The primary goal is always to find new owners. Ironically, the first step toward a successful resale program is to create a rental program. Rentals help the association financially in the short term while attracting potential new owners to your resort as part of a long-term strategy. An important component to this strategy involves making an honest assessment of where you’re at and where you need to be. In other words, how much money do you stand to lose on delinquencies and association-owned intervals, also referred to as “non-performing inventory”? How many room nights do you need to rent in order to make up the difference?
Let’s consider the average 50-unit resort, which needs to collect $700 per year in maintenance fees for each of its 2,550 intervals. Assuming that the resort has an eight percent delinquency rate and five percent of its weeks are association-owned, the resort will lose $231,700 in maintenance fee income per year on 331 weeks. This shortfall equals $104 in additional expense for each of the 2,219 paying owners.
The next thing the resort needs to do is calculate the number of available nights, which it can then leverage as rentals to offset the lost maintenance fees. In our example, the resort has 2,317 unused nights from delinquencies and association-owned intervals. The resort can also reasonably estimate “no shows” (typically around five percent, or 889 nights in our example), late check-ins (around three percent, or 76.5 nights) and early check-outs (also around three percent). By adding all of these figures together, the resort can conclude that it has 3,359 nights to put on the rental market.
The resort will need to establish several rental rates based on demand, unit size, and other variable factors. It will also experience seasonal fluctuations in occupancy. If we conservatively project 60 percent occupancy at an average daily rate (ADR) of $127, the resort can expect to generate $256,000 in rental revenue per year. A percentage of this will go toward commissions and other rental expenses, but the resort will still cover the majority of the lost maintenance fees. With a more robust approach, the resort could increase occupancy and ADR, offsetting all unpaid maintenance fees and possibly generating a surplus.
Now that you know how much income you need to generate, you need to market your rentals to the public. According to a 2014 Google study, sixty-five percent of travelers research trips online before choosing where to go, how to get there, and who to purchase from. Your online presence matters now more than ever.
Timeshare accommodations have much more to offer than hotels. Showcase your square footage, floor plans, and in-room amenities to differentiate your resort from competitors. It’s also important to set expectations regarding the frequency of housekeeping. Don’t assume renters understand the differences between timeshare resorts and traditional hotels.
You’ll need a website with an advanced booking engine to establish your resort as credible and facilitate direct rentals. You’ll also need to merchandize inventory with online travel agencies and vacation rental websites, which will charge a subscription fee or collect a percentage of your bookings to cover their own operating costs. Take these fees into account when setting your rates.

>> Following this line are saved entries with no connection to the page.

(* Let $S$ be an inverse semigroup and $\mathcal M$ a quasi-generating set for $S$. Then $d_{\mathcal M\cup E(S)}=d_{\mathcal M}$, and for all $s,t\in S$, $$d_{\mathcal M}(s,t)=\begin{cases}\min\{k\ge 0\mid \exists\, m_1,\dots,m_k\in\mathcal M \text{ with } s=m_1\cdots m_k t\} & \text{if }(s,t)\in\mathcal L,\\ \infty & \text{if }(s,t)\notin\mathcal L\end{cases}$$ (with $k=0$ meaning $s=t$).
   Context: An inverse semigroup is a semigroup $S$ in which every $s$ has a unique $s^{-1}\in S$ with $ss^{-1}s=s$ and $s^{-1}ss^{-1}=s^{-1}$. $E(S)$ is the set of idempotents. Green's relation $\mathcal L$: $(s,t)\in\mathcal L$ iff $s^{-1}s=t^{-1}t$. A quasi-generating set is a subset $\mathcal G\subseteq S$ with $\mathcal G=\mathcal G^{-1}$ such that $S$ is generated as a semigroup by $\mathcal G\cup E(S)$. For a quasi-generating set $\mathcal G$, the Cayley metric $d_{\mathcal G}$ on $S$ is defined by $d_{\mathcal G}(s,t)=\infty$ if $(s,t)\notin\mathcal L$, and otherwise as the path distance from $s$ to $t$ in the graph whose vertices are the elements of the $\mathcal L$-class of $s$, with $u,v$ joined by an edge of length 1 whenever $gu=v$ for some $g\in\mathcal G$. *)

theory Defs
  imports Main "HOL-Library.Extended_Nat"
begin

definition inverse_semigroup :: "('a \<Rightarrow> 'a \<Rightarrow> 'a) \<Rightarrow> bool" where
  "inverse_semigroup mult \<longleftrightarrow>
     (\<forall>a b c. mult (mult a b) c = mult a (mult b c)) \<and>
     (\<forall>s. \<exists>!t. mult (mult s t) s = s \<and> mult (mult t s) t = t)"

definition sinv :: "('a \<Rightarrow> 'a \<Rightarrow> 'a) \<Rightarrow> 'a \<Rightarrow> 'a" where
  "sinv mult s = (THE t. mult (mult s t) s = s \<and> mult (mult t s) t = t)"

definition idems :: "('a \<Rightarrow> 'a \<Rightarrow> 'a) \<Rightarrow> 'a set" where
  "idems mult = {e. mult e e = e}"

definition Lrel :: "('a \<Rightarrow> 'a \<Rightarrow> 'a) \<Rightarrow> 'a \<Rightarrow> 'a \<Rightarrow> bool" where
  "Lrel mult s t \<longleftrightarrow> mult (sinv mult s) s = mult (sinv mult t) t"

inductive_set generated :: "('a \<Rightarrow> 'a \<Rightarrow> 'a) \<Rightarrow> 'a set \<Rightarrow> 'a set"
  for mult :: "'a \<Rightarrow> 'a \<Rightarrow> 'a" and X :: "'a set" where
  gen_base: "x \<in> X \<Longrightarrow> x \<in> generated mult X"
| gen_mult: "a \<in> generated mult X \<Longrightarrow> b \<in> generated mult X \<Longrightarrow> mult a b \<in> generated mult X"

definition quasi_generating :: "('a \<Rightarrow> 'a \<Rightarrow> 'a) \<Rightarrow> 'a set \<Rightarrow> bool" where
  "quasi_generating mult G \<longleftrightarrow>
     sinv mult ` G = G \<and> generated mult (G \<union> idems mult) = UNIV"

definition cayley_adj :: "('a \<Rightarrow> 'a \<Rightarrow> 'a) \<Rightarrow> 'a set \<Rightarrow> 'a \<Rightarrow> 'a \<Rightarrow> 'a \<Rightarrow> bool" where
  "cayley_adj mult G s u v \<longleftrightarrow> Lrel mult s u \<and> Lrel mult s v \<and>
     (\<exists>g\<in>G. mult g u = v \<or> mult g v = u)"

text \<open>A walk given by its list of vertices; its length is the number of edges.\<close>
definition cayley_walk :: "('a \<Rightarrow> 'a \<Rightarrow> 'a) \<Rightarrow> 'a set \<Rightarrow> 'a \<Rightarrow> 'a list \<Rightarrow> 'a \<Rightarrow> bool" where
  "cayley_walk mult G s xs t \<longleftrightarrow> xs \<noteq> [] \<and> hd xs = s \<and> last xs = t \<and>
     (\<forall>x\<in>set xs. Lrel mult s x) \<and>
     (\<forall>i. Suc i < length xs \<longrightarrow> cayley_adj mult G s (xs ! i) (xs ! Suc i))"

definition cayley_dist :: "('a \<Rightarrow> 'a \<Rightarrow> 'a) \<Rightarrow> 'a set \<Rightarrow> 'a \<Rightarrow> 'a \<Rightarrow> enat" where
  "cayley_dist mult G s t =
     (if Lrel mult s t
      then Inf {enat (length xs - 1) | xs. cayley_walk mult G s xs t}
      else \<infinity>)"

end

theory Submission
  imports Defs
begin

text \<open>
  Write \<open>d(s) = s\<^sup>-\<^sup>1s\<close> (\<open>sdom s\<close> below), so that \<open>s \<L> t\<close> means \<open>d(s) = d(t)\<close>,
  and left multiplication can only shrink \<open>d\<close>: \<open>d(as) \<le> d(s)\<close> in the natural order of
  idempotents. Hence along a word \<open>s = a\<^sub>1 \<cdots> a\<^sub>k t\<close> with \<open>s \<L> t\<close> all suffixes
  \<open>a\<^sub>i \<cdots> a\<^sub>k t\<close> lie in the \<open>\<L>\<close>-class of \<open>t\<close>, so the word is a walk in the Cayley graph.
  Conversely an edge \<open>gv = u\<close> inside an \<open>\<L>\<close>-class can be reversed as \<open>g\<^sup>-\<^sup>1u = v\<close>, so every
  walk reads a word in the generators. Finally an idempotent letter \<open>e\<close> with \<open>eu \<L> u\<close>
  satisfies \<open>eu = u\<close> and can be deleted, which is why adding \<open>E(S)\<close> to the generators
  does not shorten any distance.
\<close>

lemma Inf_enat_image:
  assumes "w \<in> W"
  shows "Inf (enat ` W) = enat (Least (\<lambda>k. k \<in> W))"
proof (rule antisym)
  show "Inf (enat ` W) \<le> enat (Least (\<lambda>k. k \<in> W))"
    using LeastI[of "\<lambda>k. k \<in> W", OF assms] by (blast intro: Inf_lower)
  show "enat (Least (\<lambda>k. k \<in> W)) \<le> Inf (enat ` W)"
    by (rule Inf_greatest) (auto intro: Least_le)
qed

lemma cayley_walk_singleton: "cayley_walk mult G s [x] t \<longleftrightarrow> x = s \<and> t = s"
  unfolding cayley_walk_def Lrel_def by auto

lemma cayley_walk_Cons_Cons:
  "cayley_walk mult G s (x # y # ys) t \<longleftrightarrow>
     x = s \<and> cayley_adj mult G s s y \<and> cayley_walk mult G y (y # ys) t"
proof (cases "x = s \<and> cayley_adj mult G s s y")
  case True
  then have "Lrel mult y s" and "Lrel mult s = Lrel mult y"
    and "cayley_adj mult G s = cayley_adj mult G y"
    unfolding cayley_adj_def Lrel_def by (auto simp: fun_eq_iff)
  then show ?thesis
    using True unfolding cayley_walk_def successively_conv_nth[symmetric] by simp
next
  case False
  then show ?thesis
    unfolding cayley_walk_def successively_conv_nth[symmetric] by auto
qed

Your rental rates may change daily based on availability and your competition. Given the added value of timeshare, you should be able to drive higher rates than a hotel. You’ll need a full-time staff overseeing your strategy in order to achieve your rental goals. There is no such thing as “set it and forget it” when it comes to rates.

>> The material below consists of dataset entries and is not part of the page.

lemma face_cell_dist:
  fixes i :: "'a::euclidean_space"
  assumes "DIM('a) = Suc n" "i \<in> Basis"
    and "x \<in> face_cell a h m (i, s, g)" "y \<in> face_cell a h m (i, s, g)"
  shows "dist x y \<le> real n * h / m"
proof -
  have "\<bar>(x - y) \<bullet> j\<bar> \<le> h / m" if "j \<in> Basis - {i}" for j
  proof -
    have "a \<bullet> j + real (g j) * h / m \<le> x \<bullet> j" "x \<bullet> j \<le> a \<bullet> j + (real (g j) * h / m + h / m)"
      "a \<bullet> j + real (g j) * h / m \<le> y \<bullet> j" "y \<bullet> j \<le> a \<bullet> j + (real (g j) * h / m + h / m)"
      using assms(3,4) that by (auto simp: face_cell_def add_divide_distrib distrib_right)
    then show ?thesis unfolding inner_diff_left abs_le_iff by linarith
  qed
  have "(x - y) \<bullet> i = 0" using assms(3,4) by (auto simp: face_cell_def inner_simps)
  have "dist x y \<le> (\<Sum>j\<in>Basis. \<bar>(x - y) \<bullet> j\<bar>)" using norm_le_l1 by (simp add: dist_norm)
  also have "\<dots> = (\<Sum>j\<in>Basis - {i}. \<bar>(x - y) \<bullet> j\<bar>)"
    using assms(2) \<open>(x - y) \<bullet> i = 0\<close> by (simp add: sum.remove)
  also have "\<dots> \<le> (\<Sum>j\<in>Basis - {i}. h / m)" by (rule sum_mono) fact
  also have "\<dots> = real n * h / m" using assms(1,2) by (simp add: card_Diff_singleton)
  finally show ?thesis .
qed

lemma face_cell_bounded_diameter:
  assumes "DIM('a::euclidean_space) = Suc n" "i \<in> Basis" "0 \<le> h"
  shows "bounded (face_cell (a::'a) h m (i, s, g))" "diameter (face_cell a h m (i, s, g)) \<le> real n * h / m"
proof -
  show "bounded (face_cell a h m (i, s, g))"
    using face_cell_dist[OF assms(1,2)] unfolding bounded_def by blast
  show "diameter (face_cell a h m (i, s, g)) \<le> real n * h / m"
    using face_cell_dist[OF assms(1,2)] assms(3) by (intro diameter_le) (auto simp: dist_norm)
qed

Professional photography and videography go a long way toward attracting renters and pay for themselves in increased bookings. Are you using photography from fifteen years ago? Does your photography predate your recent renovation? Does the lighting make your resort look dark, dingy, or simply uninspiring? Your “best guest” will pay a little more for a better vacation experience.
Managing your online reputation is essential to your long-term rental marketing strategy. It’s not uncommon to have one or two negative reviews on websites like TripAdvisor. But a pattern of negative reviews will scare off renters. Address these trends right away. You should also have a manager personally respond to every review, positive or negative.
From Renter to Owner
Every resort wants to attract new owners. One of the benefits of a rental program is that some renters will want to buy intervals. We have found that the longer renters stay, the more likely this is to happen. We offer regular specials such as “buy three nights, get the fourth free,” which encourage renters to extend their vacations long enough to fall in love with the resort.

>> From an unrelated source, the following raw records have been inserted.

(* Let $\mathcal A$ be a set of graphs, let $\mathcal C$ be a class of connected graphs each of which is bridge-addable in $\mathcal A$, and let $R_n\in_u\mathcal A$. Then: (a) $\mathbb E[\operatorname{frag}(R_n,\mathcal C)]<2$ for each $n$ with $\mathcal A_n\ne\emptyset$; (b) for $a\in\mathbb N$, letting $\mathcal B$ be the set of graphs $G\in\mathcal A$ having a component $H\in\mathcal C$ with $a\le v(H)\le v(G)-a$, we have $\mathbb P(R_n\in\mathcal B)<2/a$ for all $n\ge 2a$ (with $\mathcal A_n\ne\emptyset$).
   Context: $\mathcal A_n$: graphs in $\mathcal A$ on vertex set $[n]$; $R_n\in_u\mathcal A$: uniform on $\mathcal A_n$. A connected graph $H$ is bridge-addable in $\mathcal A$ if whenever $G\in\mathcal A$ has a component isomorphic to $H$ and $e$ is a non-edge between that component and the rest of $G$, $G+e\in\mathcal A$. $\operatorname{Frag}(G)$ is obtained from $G$ by deleting a largest component (ties broken arbitrarily); $\operatorname{frag}(G,\mathcal C)$ is the number of vertices in the components of $\operatorname{Frag}(G)$ that are in $\mathcal C$. *)

theory Defs
  imports Complex_Main
begin

text \<open>A (simple, labelled) graph: a vertex set of naturals and a set of 2-element edges.\<close>
type_synonym graph = "nat set \<times> nat set set"

definition verts :: "graph \<Rightarrow> nat set" where "verts G = fst G"
definition edges :: "graph \<Rightarrow> nat set set" where "edges G = snd G"

definition wf_graph :: "graph \<Rightarrow> bool" where
  "wf_graph G \<longleftrightarrow> finite (verts G) \<and>
     (\<forall>e\<in>edges G. \<exists>u v. u \<noteq> v \<and> e = {u, v} \<and> u \<in> verts G \<and> v \<in> verts G)"

definition reach :: "graph \<Rightarrow> nat \<Rightarrow> nat \<Rightarrow> bool" where
  "reach G u v \<longleftrightarrow> (u, v) \<in> {(x, y). {x, y} \<in> edges G}\<^sup>*"

definition comps :: "graph \<Rightarrow> nat set set" where
  "comps G = (\<lambda>u. {v \<in> verts G. reach G u v}) ` verts G"

definition induced :: "graph \<Rightarrow> nat set \<Rightarrow> graph" where
  "induced G S = (S, {e \<in> edges G. e \<subseteq> S})"

definition connected_graph :: "graph \<Rightarrow> bool" where
  "connected_graph G \<longleftrightarrow> verts G \<noteq> {} \<and> (\<forall>u\<in>verts G. \<forall>v\<in>verts G. reach G u v)"

definition graph_iso :: "graph \<Rightarrow> graph \<Rightarrow> bool" where
  "graph_iso G H \<longleftrightarrow> (\<exists>f. bij_betw f (verts G) (verts H) \<and>
     (\<forall>u\<in>verts G. \<forall>v\<in>verts G. {u, v} \<in> edges G \<longleftrightarrow> {f u, f v} \<in> edges H))"

definition comp_in :: "graph set \<Rightarrow> graph \<Rightarrow> nat set \<Rightarrow> bool" where
  "comp_in \<C> G C \<longleftrightarrow> (\<exists>H\<in>\<C>. graph_iso (induced G C) H)"

definition add_edge :: "graph \<Rightarrow> nat \<Rightarrow> nat \<Rightarrow> graph" where
  "add_edge G u v = (verts G, insert {u, v} (edges G))"

definition bridge_addable :: "graph set \<Rightarrow> graph \<Rightarrow> bool" where
  "bridge_addable \<A> H \<longleftrightarrow> (\<forall>G\<in>\<A>. \<forall>C\<in>comps G. graph_iso (induced G C) H \<longrightarrow>
      (\<forall>u\<in>C. \<forall>v\<in>verts G - C. add_edge G u v \<in> \<A>))"

definition An :: "graph set \<Rightarrow> nat \<Rightarrow> graph set" where
  "An \<A> n = {G \<in> \<A>. verts G = {1..n}}"

text \<open>A tie-breaking rule choosing a largest component of every nonempty graph.\<close>
definition largest_selector :: "(graph \<Rightarrow> nat set) \<Rightarrow> bool" where
  "largest_selector L \<longleftrightarrow> (\<forall>G. wf_graph G \<and> verts G \<noteq> {} \<longrightarrow>
      L G \<in> comps G \<and> (\<forall>C\<in>comps G. card C \<le> card (L G)))"

definition frag :: "(graph \<Rightarrow> nat set) \<Rightarrow> graph \<Rightarrow> graph set \<Rightarrow> nat" where
  "frag L G \<C> = card (\<Union>{C \<in> comps G - {L G}. comp_in \<C> G C})"

end

theory Submission
  imports Defs
begin

text \<open>Count pairs \<open>(G, (u, v))\<close> with \<open>G \<in> \<A>\<^sub>n\<close>, \<open>u\<close> in a component of \<open>G\<close> lying in \<open>\<C>\<close> and
  \<open>v\<close> outside it. By bridge-addability, adding the edge \<open>uv\<close> yields a graph of \<open>\<A>\<^sub>n\<close> in
  which \<open>uv\<close> is a bridge, and \<open>G\<close> is recovered by deleting it. A graph on \<open>n\<close> vertices has
  at most \<open>n - 1\<close> bridges, so there are at most \<open>(n - 1) |\<A>\<^sub>n|\<close> such pairs (each taken
  in one orientation only). Every vertex counted by \<open>frag(G, \<C>)\<close> is separated from at least
  \<open>n\<close> minus the size of a largest component vertices, which yields at least
  \<open>n frag(G, \<C>) / 2\<close> pairs for \<open>G\<close>, whence (a). A component in \<open>\<C>\<close> of size \<open>k\<close> with
  \<open>a \<le> k \<le> n - a\<close> yields \<open>k (n - k) \<ge> a (n - a) > a (n - 1) / 2\<close> pairs, whence (b).\<close>

definition del_edge :: "graph \<Rightarrow> nat set \<Rightarrow> graph" where
  "del_edge G e = (verts G, edges G - {e})"

definition comp_of :: "graph \<Rightarrow> nat \<Rightarrow> nat set" where
  "comp_of G u = {v \<in> verts G. reach G u v}"

definition bridge :: "graph \<Rightarrow> nat set \<Rightarrow> bool" where
  "bridge G e \<longleftrightarrow> e \<in> edges G \<and> (\<exists>u v. e = {u, v} \<and> \<not> reach (del_edge G e) u v)"

lemma verts_del_edge [simp]: "verts (del_edge G e) = verts G"
  and edges_del_edge [simp]: "edges (del_edge G e) = edges G - {e}"
  by (auto simp: del_edge_def verts_def edges_def)

lemma verts_add_edge [simp]: "verts (add_edge G u v) = verts G"
  and edges_add_edge [simp]: "edges (add_edge G u v) = insert {u, v} (edges G)"
  by (auto simp: add_edge_def verts_def edges_def)

lemma graph_eqI: "verts G = verts H \<Longrightarrow> edges G = edges H \<Longrightarrow> G = H"
  by (simp add: verts_def edges_def prod_eq_iff)

lemma wf_graph_edge_subset:
  assumes "wf_graph G" "e \<in> edges G" shows "e \<subseteq> verts G"
proof -
  obtain u v where "e = {u, v}" "u \<in> verts G" "v \<in> verts G"
    using assms unfolding wf_graph_def by blast
  then show ?thesis by simp
qed

lemma wf_graph_finite_edges:
  assumes "wf_graph G" shows "finite (edges G)"
proof -
  have "edges G \<subseteq> Pow (verts G)" using wf_graph_edge_subset[OF assms] by blast
  then show ?thesis using assms(1) finite_subset unfolding wf_graph_def by blast
qed

lemma reach_refl [simp]: "reach G u u"
  by (simp add: reach_def)

lemma reach_edge: "{u, v} \<in> edges G \<Longrightarrow> reach G u v"
  by (auto simp: reach_def)

lemma reach_trans: "reach G u v \<Longrightarrow> reach G v w \<Longrightarrow> reach G u w"
  unfolding reach_def by (meson rtrancl_trans)

lemma reach_sym: "reach G u v \<Longrightarrow> reach G v u"
proof -
  have "sym {(x, y). {x, y} \<in> edges G}" by (auto simp: sym_def insert_commute)
  then have "sym ({(x, y). {x, y} \<in> edges G}\<^sup>*)" by (rule sym_rtrancl)
  then show "reach G u v \<Longrightarrow> reach G v u" unfolding reach_def by (rule symD)
qed

lemma reach_mono: "edges G \<subseteq> edges H \<Longrightarrow> reach G u v \<Longrightarrow> reach H u v"
  unfolding reach_def by (erule rtrancl_mono[THEN subsetD, rotated]) auto

lemma reach_del_edge_cases:
  assumes "reach G a b"
  shows "reach (del_edge G {u, v}) a b
    \<or> reach (del_edge G {u, v}) a u \<and> reach (del_edge G {u, v}) v b
    \<or> reach (del_edge G {u, v}) a v \<and> reach (del_edge G {u, v}) u b"
  using assms unfolding reach_def[of G]
proof (induction rule: rtrancl_induct)
  case (step y z)
  show ?case
  proof (cases "{y, z} = {u, v}")
    case False
    then have "reach (del_edge G {u, v}) y z" using step by (intro reach_edge) auto
    then show ?thesis using step.IH reach_trans by blast
  next
    case True
    then have "y = u \<and> z = v \<or> y = v \<and> z = u" by (auto simp: doubleton_eq_iff)
    then show ?thesis using step.IH by auto
  qed
qed simp

lemma comps_eq: "comps G = comp_of G ` verts G"
  by (simp add: comps_def comp_of_def)

lemma comp_of_eq: "reach G u v \<Longrightarrow> comp_of G u = comp_of G v"
  unfolding comp_of_def by (meson reach_sym reach_trans)

lemma comp_of_subset: "comp_of G u \<subseteq> verts G"
  by (auto simp: comp_of_def)

lemma self_in_comp_of: "u \<in> verts G \<Longrightarrow> u \<in> comp_of G u"
  by (auto simp: comp_of_def)

lemma finite_comp_of: "wf_graph G \<Longrightarrow> finite (comp_of G u)"
  unfolding wf_graph_def using finite_subset[OF comp_of_subset] by blast

lemma comps_subset: "C \<in> comps G \<Longrightarrow> C \<subseteq> verts G"
  by (auto simp: comps_eq comp_of_def)

lemma comps_eq_comp_of:
  assumes "C \<in> comps G" "x \<in> C" shows "C = comp_of G x"
proof -
  obtain y where "C = comp_of G y" using assms(1) by (auto simp: comps_eq)
  moreover have "reach G y x" using assms(2) calculation by (simp add: comp_of_def)
  ultimately show ?thesis by (simp add: comp_of_eq)
qed

subsection \<open>Bridges\<close>

definition comp_root :: "graph \<Rightarrow> nat \<Rightarrow> nat" where
  "comp_root G w = Min (comp_of G w)"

It’s also important to ensure every guest has an incredible stay by monitoring arrivals and making yourself available to rental guests. Perhaps consider a full-time, on-site concierge. Heartfelt service creates a connection with your rental guests. As they discover what they have been missing, they will want to make timeshare ownership a lifestyle.
Make it Work for You
Non-performing inventory doesn’t have to drain your association. A successful rental program will actually support owner engagement and make your resort more appealing to the next generation. As your association becomes financially healthy, you’ll be able to make upgrades and service enhancements, which increase the value of your resort and support a long-term, resale solution. Through a well thought out rental program, you can preserve your resort’s unique personality and increase owner satisfaction in a self-sustaining cycle of improvement.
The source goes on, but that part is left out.